**Your objective:**
From the line below that contains "then show ?thesis using" to the line that contains "(cmdAt R' t", repeat every line exactly, both ends included, and nothing else.

**The input:**
lemma pstep_extends:
  assumes "pstep P S e S'" and "wf_storage S"
  shows "state_extends S S' \<and> wf_storage S'"
  using assms
proof (induction rule: pstep.induct)
  case (fetch t ins S)
  then show ?case unfolding state_extends_def wf_storage_def by auto
next
  case (load_mem t i S a)
  then show ?case unfolding state_extends_def wf_storage_def setL_def by auto
next
  case (early_read t i S a i')
  then show ?case unfolding state_extends_def wf_storage_def setL_def by auto
next
  case (commit t S i)
  then show ?case unfolding state_extends_def wf_storage_def setC_def by auto
next
  case (commit_store t S i a k)
  let ?S' = "setProp ((setC S t i)\<lparr>co := (co S)((t, i) \<mapsto> k)\<rparr>) t a (St t i)"
  have "co S (t,i) = None"
    using commit_store unfolding wf_storage_def can_commit_def by blast
  then have co: "co S \<subseteq>\<^sub>m co ?S'" by (auto simp: map_le_def setProp_def setC_def)
  have key: "key ?S' s \<noteq> None" if "key S s \<noteq> None \<or> s = St t i" for s
    using that by (cases s) (auto simp: setProp_def setC_def)
  have "key ?S' (prp ?S' t' a') \<noteq> None" for t' a'
    using key commit_store.prems unfolding wf_storage_def by (auto simp: setProp_def setC_def)
  then show ?case
    using co commit_store.prems unfolding state_extends_def wf_storage_def
    by (auto simp: setProp_def setC_def)
next
  case (propagate t t' i' S a k)
  have "key S (prp S t2 a2) \<noteq> None" for t2 a2
    using propagate.prems unfolding wf_storage_def by blast
  then have "key (setProp S t a (St t' i')) (prp (setProp S t a (St t' i')) t2 a2) \<noteq> None" for t2 a2
    using propagate.hyps by (auto simp: setProp_def)
  then show ?case
    using propagate.prems unfolding state_extends_def wf_storage_def by (auto simp: setProp_def)
qed

lemma reach_extends: "reach P S \<sigma> q \<Longrightarrow> wf_storage S \<Longrightarrow> state_extends S q \<and> wf_storage q"
  by (induction rule: reach.induct) (use state_extends_refl pstep_extends state_extends_trans in blast)+

lemma pstep_prp_key_mono:
  assumes "pstep P S e S'" and "wf_storage S"
  shows "kv S (prp S t a) \<le> kv S' (prp S' t a)"
  using assms
proof (induction rule: pstep.induct)
  case (commit_store t0 S i a0 k)
  let ?S' = "setProp ((setC S t0 i)\<lparr>co := (co S)((t0, i) \<mapsto> k)\<rparr>) t0 a0 (St t0 i)"
  show ?case
  proof (cases "t = t0 \<and> a = a0")
    case False
    then have "prp ?S' t a = prp S t a" by (auto simp: setProp_def setC_def)
    moreover have "state_extends S ?S'"
      using pstep_extends[OF pstep.commit_store[OF commit_store.hyps] commit_store.prems] by blast
    moreover have "key S (prp S t a) \<noteq> None"
      using commit_store.prems unfolding wf_storage_def by blast
    ultimately show ?thesis
      using kv_extends unfolding state_extends_def by (metis order_refl)
  qed (use commit_store.hyps in \<open>simp add: kv_def setProp_def setC_def\<close>)
qed (auto simp: kv_def setL_def setC_def setProp_def)

lemma pstep_committed_store_key_gt_prp:
  assumes "pstep P S e S'" and "wf_storage S"
    and "i \<notin> committed (rt S t)" and "i \<in> committed (rt S' t)"
    and "is_store (cmdAt S t i)" and "addrOf S t i = Some a"
  shows "kv S (prp S t a) < kv S' (St t i) \<and> key S' (St t i) \<noteq> None"
  using assms
proof (induction rule: pstep.induct)
  case (commit_store t0 S i0 a0 k)
  then have "t0 = t" "i0 = i" by (auto simp: setProp_def setC_def split: if_splits)
  then show ?case using commit_store by (auto simp: setProp_def setC_def kv_def)
qed (auto simp: setL_def setC_def setProp_def split: if_splits)

lemma reach_committed_store_key_gt_prp:
  "reach P R \<sigma> q \<Longrightarrow> wf_storage R \<Longrightarrow> i \<notin> committed (rt R t) \<Longrightarrow> i \<in> committed (rt q t)
    \<Longrightarrow> i < nf R t \<Longrightarrow> is_store (cmdAt R t i) \<Longrightarrow> addrOf R t i = Some a
    \<Longrightarrow> kv R (prp R t a) < kv q (St t i)"
proof (induction rule: reach.induct)
  case (reach_step R e R' \<sigma> q)
  have ext: "state_extends R R'" and wf: "wf_storage R'"
    using pstep_extends[OF reach_step.hyps(1) reach_step.prems(1)] by auto
  show ?case
  proof (cases "i \<in> committed (rt R' t)")
    case True
    then have c: "kv R (prp R t a) < kv R' (St t i)" "key R' (St t i) \<noteq> None"
      using pstep_committed_store_key_gt_prp reach_step by blast+
    have "co R' \<subseteq>\<^sub>m co q"
      using reach_extends[OF reach_step.hyps(2) wf] by (simp add: state_extends_def)
    then show ?thesis using c kv_extends by metis
  next
    case False
    have "i < nf R' t" using state_extends_nf[OF ext] reach_step.prems(4) by (metis order.strict_trans2)
    moreover have "is_store (cmdAt R' t i)"
      using state_extends_cmdAt[OF ext reach_step.prems(4)] reach_step.prems(5) by simp
    moreover have "addrOf R' t i = Some a"
      using addrOf_extends[OF reach_step.prems(6) ext reach_step.prems(4)] .
    ultimately have "kv R' (prp R' t a) < kv q (St t i)"
      using reach_step.IH[OF wf False reach_step.prems(3)] by blast
    then show ?thesis
      using pstep_prp_key_mono[OF reach_step.hyps(1) reach_step.prems(1), of t a] by simp
  qed
qed simp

**Exercise solution:**
    then show ?thesis using c kv_extends by metis
  next
    case False
    have "i < nf R' t" using state_extends_nf[OF ext] reach_step.prems(4) by (metis order.strict_trans2)
    moreover have "is_store (cmdAt R' t i)"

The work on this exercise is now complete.